Note: This was originally a freelance blog post written for Heroes & Heartbreakers. When MacMillan shut down the community in 2018, they also removed all of the content that had been on the website.

Sometimes you find love in the most unexpected of places…

This is not one of those times.

Everyone expects Billie Bridgerton to marry one of the Rokesby brothers. The two families have been neighbors for centuries, and as a child the tomboyish Billie ran wild with Edward and Andrew. Either one would make a perfect husband… someday.

Sometimes you fall in love with exactly the person you think you should…

Or not.

There is only one Rokesby Billie absolutely cannot tolerate, and that is George. He may be the eldest and heir to the earldom, but he’s arrogant, annoying, and she’s absolutely certain he detests her. Which is perfectly convenient, as she can’t stand the sight of him, either.

But sometimes fate has a wicked sense of humor…

Because when Billie and George are quite literally thrown together, a whole new sort of sparks begins to fly. And when these lifelong adversaries finally kiss, they just might discover that the one person they can’t abide is the one person they can’t live without…

 

One thing that’s always a given with a Julia Quinn novel is humor; I have yet to read one of her novels that hasn’t made me laugh out loud at least once or twice. 

Because of Miss Bridgerton had me laughing way more than that.

Sybilla “Billie” Bridgerton is a heroine with a sense of humor. She’s also intelligent and stubborn, which pretty much makes up my Awesome Heroine Trifecta. When we first meet her she’s stranded on a roof—wearing breeches, nonetheless—after a failed attempt at rescuing a cat. And she doesn’t even like cats.
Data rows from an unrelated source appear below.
(* Fix $x_1\in\mathbb R^d$ and $B\in\mathbb R^{d\times d}$. Then $$\left\|\mathbb E_{-1}[\mu_1]-\Sigma B^\top x_1\right\|_F^2\le S_1(x_1)+S_2(x_1),$$ where $$S_1(x_1)=\frac{2\|I-\Sigma B^\top\|_{\mathrm{op}}^2}{(n-1)^2}\exp\left(\frac2{n-1}x_1^\top B\Sigma B^\top x_1\right)\exp(2x_1^\top Bx_1)\|x_1\|_2^2,$$ $$S_2(x_1)=\frac{2\|\Sigma B^\top\|_{\mathrm{op}}^2}{(n-1)^2}\exp(4x_1^\top B\Sigma B^\top x_1)\|x_1\|_2^2.$$
   Context: $n\ge2$; $\Sigma\in\mathbb R^{d\times d}$ symmetric positive semidefinite; $x_2,\dots,x_n$ i.i.d. $\mathcal N(0,\Sigma)$; $\mathbb E_{-1}$ is expectation over $x_2,\dots,x_n$ with $x_1$ fixed. $p_{1j}=\exp(x_1^\top Bx_j)/\sum_{k=1}^n\exp(x_1^\top Bx_k)$ for $j=1,\dots,n$, and $\mu_1=\sum_{j=1}^np_{1j}x_j$. *)

theory Defs
  imports "HOL-Analysis.Analysis" "HOL-Probability.Probability"
begin

definition std_gauss_vec :: "(real ^ 'd) measure" where
  "std_gauss_vec = distr (PiM UNIV (\<lambda>_::'d. density lborel std_normal_density)) borel
                        (\<lambda>f. \<chi> i. f i)"

text \<open>N(0, A A^T): law of A z with z standard Gaussian.\<close>
definition gauss_vec :: "real ^ 'd ^ 'd \<Rightarrow> (real ^ 'd) measure" where
  "gauss_vec A = distr std_gauss_vec borel (\<lambda>z. A *v z)"

definition attn_mu1 :: "nat \<Rightarrow> real ^ 'd ^ 'd \<Rightarrow> real ^ 'd \<Rightarrow> (nat \<Rightarrow> real ^ 'd) \<Rightarrow> real ^ 'd" where
  "attn_mu1 n B x1 xs =
     (let x = (\<lambda>j. if j = 1 then x1 else xs j);
          Z = (\<Sum>k=1..n. exp (x1 \<bullet> (B *v x k)))
      in (\<Sum>j=1..n. (exp (x1 \<bullet> (B *v x j)) / Z) *\<^sub>R x j))"

definition op_norm :: "real ^ 'd ^ 'd \<Rightarrow> real" where
  "op_norm M = onorm (\<lambda>v. M *v v)"

end

theory Submission
  imports Defs
begin

(* Write p_1 = exp a / Z for the weight of the query on itself (a = x_1' B x_1) and
   p_j = exp (v' x_j) / Z, v = B' x_1, for the Gaussian tokens.  Since d p_j / d (v' x_j) = p_j - p_j^2,
   Gaussian integration by parts (Stein's identity) in x_j, with the other tokens frozen, gives
   E[p_j x_j] = E[p_j - p_j^2] Sigma v.  As the weights sum to one,
   E[mu_1] - Sigma v = P (x_1 - Sigma v) - Q Sigma v  with  P = E[p_1],  Q = sum_j E[p_j^2].
   Jensen's inequality 1 / sum_k exp s_k <= exp (- mean s) / m bounds p_1 and p_j^2 by exponentials of
   linear forms in the tokens, whose expectations are Gaussian moment generating functions:
   P <= exp a exp (q / 2m) / m  and  Q <= exp (2 q) / m,  where q = v' Sigma v and m = n - 1.
   Finally |P y - Q z|^2 <= 2 P^2 |y|^2 + 2 Q^2 |z|^2. *)

section \<open>The standard normal distribution\<close>

lemma prob_space_std_normal_distribution: "prob_space std_normal_distribution"
  by (rule prob_space_normal_density) simp
lemma berezin_zero [simp]: "berezin N k gzero = 0"
  unfolding berezin_def by simp

lemma trPhi_eq: "trPhi N k = gsum cell_term (cells N k)"
  unfolding trPhi_def Phi_def cells_def gsum_def cell_term_def phi_term_def
  by (rule ext) (simp add: sum.cartesian_product case_prod_beta)

definition trace_integral :: "nat \<Rightarrow> nat \<Rightarrow> nat \<Rightarrow> gen grass \<Rightarrow> real" where
  "trace_integral N k r a = berezin N k (gmul (gpow (trPhi N k) r) a)"

lemma trace_integral_gsum:
  "finite A \<Longrightarrow> trace_integral N k r (gsum f A) = (\<Sum>x\<in>A. trace_integral N k r (f x))"
  unfolding trace_integral_def gmul_gsum_right by (simp add: berezin_gsum)

lemma trace_integral_gscale: "trace_integral N k r (gscale c a) = c * trace_integral N k r a"
  unfolding trace_integral_def gmul_gscale_right by (simp add: berezin_gscale)

lemma trace_integral_zero [simp]: "trace_integral N k r gzero = 0"
  unfolding trace_integral_def by simp

lemma trace_integral_Suc:
  "trace_integral N k (Suc r) a = (\<Sum>c\<in>cells N k. trace_integral N k r (gmul (cell_term c) a))"
proof -
  have "finitary (trPhi N k)"
    unfolding trPhi_eq cell_term_def phi_term_def by (intro finitary_gsum finitary_gmul)
  then have "trace_integral N k (Suc r) a = trace_integral N k r (gmul (trPhi N k) a)"
    unfolding trace_integral_def by (simp add: gpow_commute gmul_assoc)
  then show ?thesis
    unfolding trPhi_eq gmul_gsum_left by (simp add: trace_integral_gsum)
qed

lemma trace_integral_unbalanced:
  "is_monomial a G \<Longrightarrow> finite G \<Longrightarrow> \<not> balanced G \<Longrightarrow> trace_integral N k r a = 0"
proof (induction r arbitrary: a G)
  case 0
  then show ?case
    unfolding trace_integral_def
    by (simp add: gmul_gone_left finitary_if_monomial berezin_unbalanced)
next
  case (Suc r)
  have "trace_integral N k r (gmul (cell_term c) a) = 0" for c
  proof (cases "(UNIV \<times> {c}) \<inter> G = {}")
    case True
    then have "\<not> balanced ((UNIV \<times> {c}) \<union> G)"
      using Suc.prems(3) unfolding balanced_def by auto
    moreover have "is_monomial (gmul (cell_term c) a) ((UNIV \<times> {c}) \<union> G)"
      using Suc.prems by (intro is_monomial_gmul is_monomial_cell_term) simp_all
    ultimately show ?thesis
      using Suc.prems(2) by (intro Suc.IH) simp_all
  next
    case False
    then have "gmul (cell_term c) a = gzero"
      using Suc.prems by (intro gmul_monomials_overlap[OF is_monomial_cell_term]) simp_all
    then show ?thesis by simp
  qed
  then show ?case
    unfolding trace_integral_Suc by simp
qed
lemma simply_connected_core_imp_wedge_cong_0:
  assumes core: "\<And>x y. x \<in> carrier G \<Longrightarrow> y \<in> carrier G \<Longrightarrow> op x y = x \<otimes> (inv y \<otimes> x)"
    and latin: "quandle_latin (carrier G) op" and simply_connected: "simply_connected (carrier G) op"
    and p: "0 < p" and \<phi>: "mod_character G (int p) \<phi>" and \<psi>: "mod_character G (int p) \<psi>"
    and u: "u \<in> carrier G" and v: "v \<in> carrier G"
  shows "[wedge \<phi> \<psi> u v = 0] (mod int p)"
proof -
  define \<theta> where "\<theta> x y = rotation p (wedge \<phi> \<psi> x y)" for x y
  have "quandle_cocycle (carrier G) op {..<p} \<theta>"
    unfolding \<theta>_def
  proof (rule rotation_cocycle[OF p])
    show "[wedge \<phi> \<psi> x x = 0] (mod int p)" for x
      by (simp add: wedge_def)
    show "[wedge \<phi> \<psi> (op x y) (op x z) + wedge \<phi> \<psi> x z
        = wedge \<phi> \<psi> x (op y z) + wedge \<phi> \<psi> y z] (mod int p)"
      if "x \<in> carrier G" "y \<in> carrier G" "z \<in> carrier G" for x y z
      using wedge_core_cocycle[OF \<phi> \<psi> that] that by (simp add: core)
  qed
  then have "cohomologous_trivial (carrier G) op {..<p} \<theta>"
    using simply_connected by (simp add: simply_connected_def)
  moreover have "\<theta> x \<one> = id" if "x \<in> carrier G" for x
  proof -
    have "[wedge \<phi> \<psi> x \<one> = \<phi> x * 0 - 0 * \<psi> x] (mod int p)"
      by (rule wedge_cong[where \<phi> = \<phi> and \<psi> = \<psi>, OF cong_refl cong_refl
            mod_character_one[OF \<phi>] mod_character_one[OF \<psi>]])
    then show ?thesis
      unfolding \<theta>_def using rotation_cong by fastforce
  qed
  ultimately have "\<theta> u v = id"
    using cohomologous_trivial_latin_imp_trivial[OF _ latin one_closed] u v by blast
  then show ?thesis
    using rotation_eq_id_imp_cong_0[OF p] unfolding \<theta>_def by blast
qed

end

section \<open>The quandle Q(G,f) for latin involutory f\<close>

context group
begin

lemma comm_group_if_inv_mult_distrib:
  assumes "\<And>x y. x \<in> carrier G \<Longrightarrow> y \<in> carrier G \<Longrightarrow> inv (x \<otimes> y) = inv x \<otimes> inv y"
  shows "comm_group G"
proof (rule group_comm_groupI)
  fix x y
  assume "x \<in> carrier G" "y \<in> carrier G"
  then have "x \<otimes> y = inv (inv y \<otimes> inv x)"
    by (simp add: inv_mult_group)
  also have "\<dots> = y \<otimes> x"
    using assms \<open>x \<in> carrier G\<close> \<open>y \<in> carrier G\<close> by simp
  finally show "x \<otimes> y = y \<otimes> x" .
qed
From that point on it was obvious that Billie was going to be one of my favorite heroines I’ve read in quite some time (spoiler alert: I was right).

Such an interesting heroine obviously needs an equally interesting hero, though, but at first glance it doesn’t appear that George Rokesby is quite up to the challenge that is Billie Bridgerton. He’s stodgy and proper, nowhere near as adventurous as his younger brothers whom Billie grew up with. Over the course of the book, though, Quinn does an excellent job of unveiling George’s true personality—which isn’t stuffy at all. Ends up he has a fantastic sense of humor, but he’s also very bound by the rules of society and his position as heir to the Earldom.

Throw in Quinn’s usual cast of wonderful secondary characters, and Because of Miss Bridgerton is typical Julia Quinn—in all the best ways.

But back to Billie. Because, like I said, she’s one of my favorite heroines I’ve read in a while, and a lot of that is because of the very fine line that she knowingly walks. Often in historical romance there are two distinct types of heroines: the belles of the ball and the wallflowers. Beyond that is another subset, which I like to think of as independent before their time women. They don’t care about society’s rules, or making their grand debut during their first Season, or the latest fashions, or who gave who the cut direct. These heroines don’t always make sense when taken within a historical context, but they do usually make for interesting lead characters. Billie falls into this latter category, but with an interesting caveat: she manages to walk in both worlds (well, for the most part…there was that one unfortunate incident with the fire while being presented at Court…). 

She rides astride, wears breeches, climbs trees, reads agricultural treatises, and generally does her father’s and the steward’s job. But she also has manners, dresses “properly” for family meals, and curtsies when she absolutely has to. She knows she’s doing things most other women never get to do, and is glad for it. She also realizes that she will have to marry one day—even if she would much rather take over her family’s land (rather than her younger brother, who’s set to inherit as he’s the first born male) than wear dresses and play the role of gracious hostess.

It’s an interesting dichotomy, especially considering the fact that too often in historical romances, these types of heroines just completely flaunt the rules of society with no regard for the repercussions of doing so. Billie’s aware of the repercussions, and she knows what her limits are (along with how far she can push her mother).

Julia Quinn simply writes great heroines who march to the best of a different drummer, while keeping them grounded in reality. The fact that she manages to write them such amazing heroes—all with the wit she’s renowned for—only serves to make her books better. Because of Miss Bridgerton definitely does not disappoint; instead, it reaffirms my belief that Julia Quinn is one of the best historical romance novelists of our time.